━━━ Given data ━━━
text \<open>n encodes a pair (i, j) of indices; the components are regrouped to match
  (G1 i \<times> G2 j) \<times> (K1 \<times> K2).\<close>
definition interleave :: "(nat \<Rightarrow> 'a \<times> 'b) \<Rightarrow> (nat \<Rightarrow> 'c \<times> 'd) \<Rightarrow> nat \<Rightarrow> ('a \<times> 'c) \<times> ('b \<times> 'd)" where
  "interleave x y n = (let i = fst (prod_decode n); j = snd (prod_decode n)
     in ((fst (x i), fst (y j)), (snd (x i), snd (y j))))"

lemma rel_embedding_lift_DirProd:
  assumes U1: "free_ultrafilter U1" and U2: "free_ultrafilter U2"
    and r1: "rel_embedding_lift U1 (\<lambda>i. A1 i \<times>\<times> K1) (\<lambda>i. B1 i \<times> carrier K1) G1 H1 r1"
    and r2: "rel_embedding_lift U2 (\<lambda>j. A2 j \<times>\<times> K2) (\<lambda>j. B2 j \<times> carrier K2) G2 H2 r2"
  shows "rel_embedding_lift (ultrafilter_prod U1 U2)
     (\<lambda>n. (A1 (fst (prod_decode n)) \<times>\<times> A2 (snd (prod_decode n))) \<times>\<times> (K1 \<times>\<times> K2))
     (\<lambda>n. (B1 (fst (prod_decode n)) \<times> B2 (snd (prod_decode n))) \<times> carrier (K1 \<times>\<times> K2))
     (G1 \<times>\<times> G2) (H1 \<times> H2) (\<lambda>g. interleave (r1 (fst g)) (r2 (snd g)))"
proof -
  let ?U = "ultrafilter_prod U1 U2"
  note rect = rectangle_in_ultrafilter_prod_iff[OF U1 U2]
  have large: "T \<in> ?U" if "{i. P i} \<in> U1" "{j. Q j} \<in> U2"
    and "{n. P (fst (prod_decode n)) \<and> Q (snd (prod_decode n))} \<subseteq> T" for P Q T
    using that rect free_ultrafilter_mono[OF free_ultrafilter_prod[OF U1 U2]] by blast
  have rc1: "r1 g i \<in> carrier (A1 i \<times>\<times> K1)" if "g \<in> carrier G1" for g i
    using r1 that by (auto simp: rel_embedding_lift_def carrier_prodgrp)
  have rc2: "r2 g j \<in> carrier (A2 j \<times>\<times> K2)" if "g \<in> carrier G2" for g j
    using r2 that by (auto simp: rel_embedding_lift_def carrier_prodgrp)
  show ?thesis
    unfolding rel_embedding_lift_def
  proof (intro conjI ballI impI Pi_I)
    fix g assume "g \<in> carrier (G1 \<times>\<times> G2)"
    then show "interleave (r1 (fst g)) (r2 (snd g)) \<in>
        carrier (prodgrp (\<lambda>n. (A1 (fst (prod_decode n)) \<times>\<times> A2 (snd (prod_decode n))) \<times>\<times> (K1 \<times>\<times> K2)))"
      using rc1 rc2 by (auto simp: carrier_prodgrp interleave_def Let_def mem_Times_iff)
  next
    fix g h assume g: "g \<in> carrier (G1 \<times>\<times> G2)" and h: "h \<in> carrier (G1 \<times>\<times> G2)"
    then have "{i. r1 (fst g \<otimes>\<^bsub>G1\<^esub> fst h) i = r1 (fst g) i \<otimes>\<^bsub>A1 i \<times>\<times> K1\<^esub> r1 (fst h) i} \<in> U1"
      "{j. r2 (snd g \<otimes>\<^bsub>G2\<^esub> snd h) j = r2 (snd g) j \<otimes>\<^bsub>A2 j \<times>\<times> K2\<^esub> r2 (snd h) j} \<in> U2"
      using r1 r2 by (auto simp: rel_embedding_lift_def)
    then show "{n. interleave (r1 (fst (g \<otimes>\<^bsub>G1 \<times>\<times> G2\<^esub> h))) (r2 (snd (g \<otimes>\<^bsub>G1 \<times>\<times> G2\<^esub> h))) n =
        interleave (r1 (fst g)) (r2 (snd g)) n \<otimes>\<^bsub>(A1 (fst (prod_decode n)) \<times>\<times> A2 (snd (prod_decode n))) \<times>\<times> (K1 \<times>\<times> K2)\<^esub>
        interleave (r1 (fst h)) (r2 (snd h)) n} \<in> ?U"
      by (rule large) (auto simp: interleave_def Let_def mult_DirProd')
  next
    fix g h assume g: "g \<in> carrier (G1 \<times>\<times> G2)" and h: "h \<in> carrier (G1 \<times>\<times> G2)"
      and eq: "{n. interleave (r1 (fst g)) (r2 (snd g)) n = interleave (r1 (fst h)) (r2 (snd h)) n} \<in> ?U"
    have "{n. interleave (r1 (fst g)) (r2 (snd g)) n = interleave (r1 (fst h)) (r2 (snd h)) n}
        = {n. r1 (fst g) (fst (prod_decode n)) = r1 (fst h) (fst (prod_decode n)) \<and>
              r2 (snd g) (snd (prod_decode n)) = r2 (snd h) (snd (prod_decode n))}"
      by (auto simp: interleave_def Let_def prod_eq_iff)
    then have "{i. r1 (fst g) i = r1 (fst h) i} \<in> U1" "{j. r2 (snd g) j = r2 (snd h) j} \<in> U2"
      using eq rect[of "\<lambda>i. r1 (fst g) i = r1 (fst h) i" "\<lambda>j. r2 (snd g) j = r2 (snd h) j"] by simp_all
    then have "fst g = fst h" "snd g = snd h"
      using g h r1 r2 by (auto simp: rel_embedding_lift_def)
    then show "g = h"
      by (rule prod_eqI)
  next
    fix g assume g: "g \<in> carrier (G1 \<times>\<times> G2)"
    have "{n. interleave (r1 (fst g)) (r2 (snd g)) n \<in>
          (B1 (fst (prod_decode n)) \<times> B2 (snd (prod_decode n))) \<times> carrier (K1 \<times>\<times> K2)}
        = {n. r1 (fst g) (fst (prod_decode n)) \<in> B1 (fst (prod_decode n)) \<times> carrier K1 \<and>
              r2 (snd g) (snd (prod_decode n)) \<in> B2 (snd (prod_decode n)) \<times> carrier K2}"
      using g rc1 rc2 by (fastforce simp: interleave_def Let_def mem_Times_iff)
    then have "{n. interleave (r1 (fst g)) (r2 (snd g)) n \<in>
          (B1 (fst (prod_decode n)) \<times> B2 (snd (prod_decode n))) \<times> carrier (K1 \<times>\<times> K2)} \<in> ?U
        \<longleftrightarrow> {i. r1 (fst g) i \<in> B1 i \<times> carrier K1} \<in> U1 \<and> {j. r2 (snd g) j \<in> B2 j \<times> carrier K2} \<in> U2"
      using rect[of "\<lambda>i. r1 (fst g) i \<in> B1 i \<times> carrier K1" "\<lambda>j. r2 (snd g) j \<in> B2 j \<times> carrier K2"]
      by simp
    also have "\<dots> \<longleftrightarrow> g \<in> H1 \<times> H2"
      using g r1 r2 by (auto simp: rel_embedding_lift_def mem_Times_iff)
    finally show "{n. interleave (r1 (fst g)) (r2 (snd g)) n \<in>
          (B1 (fst (prod_decode n)) \<times> B2 (snd (prod_decode n))) \<times> carrier (K1 \<times>\<times> K2)} \<in> ?U
        \<longleftrightarrow> g \<in> H1 \<times> H2" .
  qed
qed

section \<open>Direct products of sofic groups\<close>

lemma add_mult_less_mult:
  fixes a b n1 n2 :: nat
  assumes "a < n1" "b < n2"
  shows "a + n1 * b < n1 * n2"
proof -
  have "a + n1 * b < n1 * Suc b"
    using assms(1) by simp
  also have "\<dots> \<le> n1 * n2"
    using assms(2) by (intro mult_le_mono2) simp
  finally show ?thesis .
qed

lemma mod_div_less_mult:
  fixes k n1 n2 :: nat
  assumes "k < n1 * n2"
  shows "k mod n1 < n1" "k div n1 < n2"
  using assms less_mult_imp_div_less[of k n2 n1]
  by (auto simp: mult.commute intro!: mod_less_divisor Nat.gr0I)

lemma card_mod_div_rectangle:
  fixes n1 n2 :: nat
  shows "card {k. k < n1 * n2 \<and> P (k mod n1) \<and> Q (k div n1)}
       = card {a. a < n1 \<and> P a} * card {b. b < n2 \<and> Q b}"
proof -
  let ?f = "\<lambda>(a, b). a + n1 * b"
  let ?R = "{a. a < n1 \<and> P a} \<times> {b. b < n2 \<and> Q b}"
  have "inj_on ?f ?R"
  proof (rule inj_onI, clarify)
    fix a b a' b' assume "a < n1" "a' < n1" and eq: "a + n1 * b = a' + n1 * b'"
    then have "(a + n1 * b) mod n1 = (a' + n1 * b') mod n1" "(a + n1 * b) div n1 = (a' + n1 * b') div n1"
      by simp_all
    with \<open>a < n1\<close> \<open>a' < n1\<close> show "a = a' \<and> b = b'"
      by simp
  qed
  moreover have "{k. k < n1 * n2 \<and> P (k mod n1) \<and> Q (k div n1)} = ?f ` ?R"
  proof (intro equalityI subsetI)
    fix k assume "k \<in> {k. k < n1 * n2 \<and> P (k mod n1) \<and> Q (k div n1)}"
    then show "k \<in> ?f ` ?R"
      using mod_div_less_mult[of k n1 n2] mod_mult_div_eq[of k n1]
      by (auto intro!: image_eqI[of _ _ "(k mod n1, k div n1)"])
  qed (auto simp: add_mult_less_mult)
  ultimately show ?thesis
    by (simp add: card_image card_cartesian_product)
qed

text \<open>The tensor product of permutations of {..<n1} and {..<n2}, acting on {..<n1 * n2}
  through the identification of k with (k mod n1, k div n1).\<close>
definition perm_tensor :: "nat \<Rightarrow> nat \<Rightarrow> (nat \<Rightarrow> nat) \<Rightarrow> (nat \<Rightarrow> nat) \<Rightarrow> nat \<Rightarrow> nat" where
  "perm_tensor n1 n2 \<sigma> \<tau> k = (if k < n1 * n2 then \<sigma> (k mod n1) + n1 * \<tau> (k div n1) else k)"

lemma perm_tensor_id: "perm_tensor n1 n2 id id = id"
  by (simp add: perm_tensor_def fun_eq_iff)

lemma perm_tensor_mod_div:
  assumes \<sigma>: "\<sigma> ` {..<n1} \<subseteq> {..<n1}" and \<tau>: "\<tau> ` {..<n2} \<subseteq> {..<n2}" and k: "k < n1 * n2"
  shows "perm_tensor n1 n2 \<sigma> \<tau> k < n1 * n2"
    and "perm_tensor n1 n2 \<sigma> \<tau> k mod n1 = \<sigma> (k mod n1)"
    and "perm_tensor n1 n2 \<sigma> \<tau> k div n1 = \<tau> (k div n1)"
proof -
  have "\<sigma> (k mod n1) < n1" "\<tau> (k div n1) < n2"
    using \<sigma> \<tau> mod_div_less_mult[OF k] by auto
  then show "perm_tensor n1 n2 \<sigma> \<tau> k < n1 * n2"
    and "perm_tensor n1 n2 \<sigma> \<tau> k mod n1 = \<sigma> (k mod n1)"
    and "perm_tensor n1 n2 \<sigma> \<tau> k div n1 = \<tau> (k div n1)"
    using k by (simp_all add: perm_tensor_def add_mult_less_mult)
qed

lemma perm_tensor_comp:
  assumes "\<sigma> ` {..<n1} \<subseteq> {..<n1}" and "\<tau> ` {..<n2} \<subseteq> {..<n2}"
  shows "perm_tensor n1 n2 (\<sigma>' \<circ> \<sigma>) (\<tau>' \<circ> \<tau>) = perm_tensor n1 n2 \<sigma>' \<tau>' \<circ> perm_tensor n1 n2 \<sigma> \<tau>"
proof
  fix k
  show "perm_tensor n1 n2 (\<sigma>' \<circ> \<sigma>) (\<tau>' \<circ> \<tau>) k = (perm_tensor n1 n2 \<sigma>' \<tau>' \<circ> perm_tensor n1 n2 \<sigma> \<tau>) k"
  proof (cases "k < n1 * n2")
    case True
    then show ?thesis
      using perm_tensor_mod_div[OF assms True]
      by (simp add: perm_tensor_def[of n1 n2 \<sigma>' \<tau>']) (simp add: perm_tensor_def)
  qed (simp add: perm_tensor_def)
qed

lemma perm_tensor_eq_iff:
  assumes "\<sigma> ` {..<n1} \<subseteq> {..<n1}" "\<tau> ` {..<n2} \<subseteq> {..<n2}"
    and "\<sigma>' ` {..<n1} \<subseteq> {..<n1}" "\<tau>' ` {..<n2} \<subseteq> {..<n2}" and k: "k < n1 * n2"
  shows "perm_tensor n1 n2 \<sigma> \<tau> k = perm_tensor n1 n2 \<sigma>' \<tau>' k
     \<longleftrightarrow> \<sigma> (k mod n1) = \<sigma>' (k mod n1) \<and> \<tau> (k div n1) = \<tau>' (k div n1)"
  using perm_tensor_mod_div[OF assms(1,2) k] perm_tensor_mod_div[OF assms(3,4) k]
  by (auto simp: perm_tensor_def)

lemma perm_tensor_permutes:
  assumes \<sigma>: "\<sigma> permutes {..<n1}" and \<tau>: "\<tau> permutes {..<n2}"
  shows "perm_tensor n1 n2 \<sigma> \<tau> permutes {..<n1 * n2}"
proof -
  have range: "f ` {..<n} \<subseteq> {..<n}" if "f permutes {..<n}" for f :: "nat \<Rightarrow> nat" and n
    using permutes_image[OF that] by simp
  have inv: "inv_into UNIV f permutes {..<n}" if "f permutes {..<n}" for f :: "nat \<Rightarrow> nat" and n
    using permutes_inv[OF that] .
  have "perm_tensor n1 n2 (inv_into UNIV \<sigma>) (inv_into UNIV \<tau>) \<circ> perm_tensor n1 n2 \<sigma> \<tau> = id"
    "perm_tensor n1 n2 \<sigma> \<tau> \<circ> perm_tensor n1 n2 (inv_into UNIV \<sigma>) (inv_into UNIV \<tau>) = id"
    using perm_tensor_comp[OF range[OF \<sigma>] range[OF \<tau>], of "inv_into UNIV \<sigma>" "inv_into UNIV \<tau>"]
      perm_tensor_comp[OF range[OF inv[OF \<sigma>]] range[OF inv[OF \<tau>]], of \<sigma> \<tau>]
    by (simp_all add: permutes_inv_o[OF \<sigma>] permutes_inv_o[OF \<tau>] perm_tensor_id)
  then have "bij (perm_tensor n1 n2 \<sigma> \<tau>)"
    by (rule o_bij)
  then show ?thesis
    by (auto simp: permutes_def bij_iff perm_tensor_def)
qed

lemma hamming_perm_tensor:
  assumes n: "n1 > 0" "n2 > 0"
    and \<sigma>: "\<sigma> ` {..<n1} \<subseteq> {..<n1}" "\<sigma>' ` {..<n1} \<subseteq> {..<n1}"
    and \<tau>: "\<tau> ` {..<n2} \<subseteq> {..<n2}" "\<tau>' ` {..<n2} \<subseteq> {..<n2}"
  shows "hamming (n1 * n2) (perm_tensor n1 n2 \<sigma> \<tau>) (perm_tensor n1 n2 \<sigma>' \<tau>')
           \<le> hamming n1 \<sigma> \<sigma>' + hamming n2 \<tau> \<tau>'"
    and "hamming n1 \<sigma> \<sigma>' \<le> hamming (n1 * n2) (perm_tensor n1 n2 \<sigma> \<tau>) (perm_tensor n1 n2 \<sigma>' \<tau>')"
    and "hamming n2 \<tau> \<tau>' \<le> hamming (n1 * n2) (perm_tensor n1 n2 \<sigma> \<tau>) (perm_tensor n1 n2 \<sigma>' \<tau>')"
proof -
  define A where "A = {k. k < n1 * n2 \<and> \<sigma> (k mod n1) \<noteq> \<sigma>' (k mod n1) \<and> True}"
  define B where "B = {k. k < n1 * n2 \<and> True \<and> \<tau> (k div n1) \<noteq> \<tau>' (k div n1)}"
  define c1 where "c1 = card {a. a < n1 \<and> \<sigma> a \<noteq> \<sigma>' a}"
  define c2 where "c2 = card {b. b < n2 \<and> \<tau> b \<noteq> \<tau>' b}"
  have D: "{k. k < n1 * n2 \<and> perm_tensor n1 n2 \<sigma> \<tau> k \<noteq> perm_tensor n1 n2 \<sigma>' \<tau>' k} = A \<union> B"
    using perm_tensor_eq_iff[OF \<sigma>(1) \<tau>(1) \<sigma>(2) \<tau>(2)] by (auto simp: A_def B_def)
  have "card A = c1 * n2" "card B = c2 * n1"
    using card_mod_div_rectangle[of n1 n2 "\<lambda>a. \<sigma> a \<noteq> \<sigma>' a" "\<lambda>_. True"]
      card_mod_div_rectangle[of n1 n2 "\<lambda>_. True" "\<lambda>b. \<tau> b \<noteq> \<tau>' b"]
    by (simp_all add: A_def B_def c1_def c2_def mult.commute)
  moreover have "card (A \<union> B) \<le> card A + card B" "card A \<le> card (A \<union> B)" "card B \<le> card (A \<union> B)"
    by (simp_all add: card_Un_le card_mono A_def B_def)
  ultimately have le: "card (A \<union> B) \<le> c1 * n2 + c2 * n1" "c1 * n2 \<le> card (A \<union> B)" "c2 * n1 \<le> card (A \<union> B)"
    by simp_all
  have ham: "hamming n1 \<sigma> \<sigma>' = real (c1 * n2) / (real n1 * real n2)"
    "hamming n2 \<tau> \<tau>' = real (c2 * n1) / (real n1 * real n2)"
    "hamming (n1 * n2) (perm_tensor n1 n2 \<sigma> \<tau>) (perm_tensor n1 n2 \<sigma>' \<tau>')
       = real (card (A \<union> B)) / (real n1 * real n2)"
    using n unfolding hamming_def c1_def c2_def D by simp_all
  show "hamming (n1 * n2) (perm_tensor n1 n2 \<sigma> \<tau>) (perm_tensor n1 n2 \<sigma>' \<tau>')
      \<le> hamming n1 \<sigma> \<sigma>' + hamming n2 \<tau> \<tau>'"
    unfolding ham add_divide_distrib[symmetric]
    using of_nat_mono[OF le(1), where 'a=real] by (intro divide_right_mono) simp_all
  show "hamming n1 \<sigma> \<sigma>' \<le> hamming (n1 * n2) (perm_tensor n1 n2 \<sigma> \<tau>) (perm_tensor n1 n2 \<sigma>' \<tau>')"
    unfolding ham using of_nat_mono[OF le(2), where 'a=real] by (intro divide_right_mono) simp_all
  show "hamming n2 \<tau> \<tau>' \<le> hamming (n1 * n2) (perm_tensor n1 n2 \<sigma> \<tau>) (perm_tensor n1 n2 \<sigma>' \<tau>')"
    unfolding ham using of_nat_mono[OF le(3), where 'a=real] by (intro divide_right_mono) simp_all
qed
━━━
Whenever a line in the records above contains the string "longleftrightarrow", copy that line.

        \<longleftrightarrow> {i. r1 (fst g) i \<in> B1 i \<times> carrier K1} \<in> U1 \<and> {j. r2 (snd g) j \<in> B2 j \<times> carrier K2} \<in> U2"
    also have "\<dots> \<longleftrightarrow> g \<in> H1 \<times> H2"
        \<longleftrightarrow> g \<in> H1 \<times> H2" .
     \<longleftrightarrow> \<sigma> (k mod n1) = \<sigma>' (k mod n1) \<and> \<tau> (k div n1) = \<tau>' (k div n1)"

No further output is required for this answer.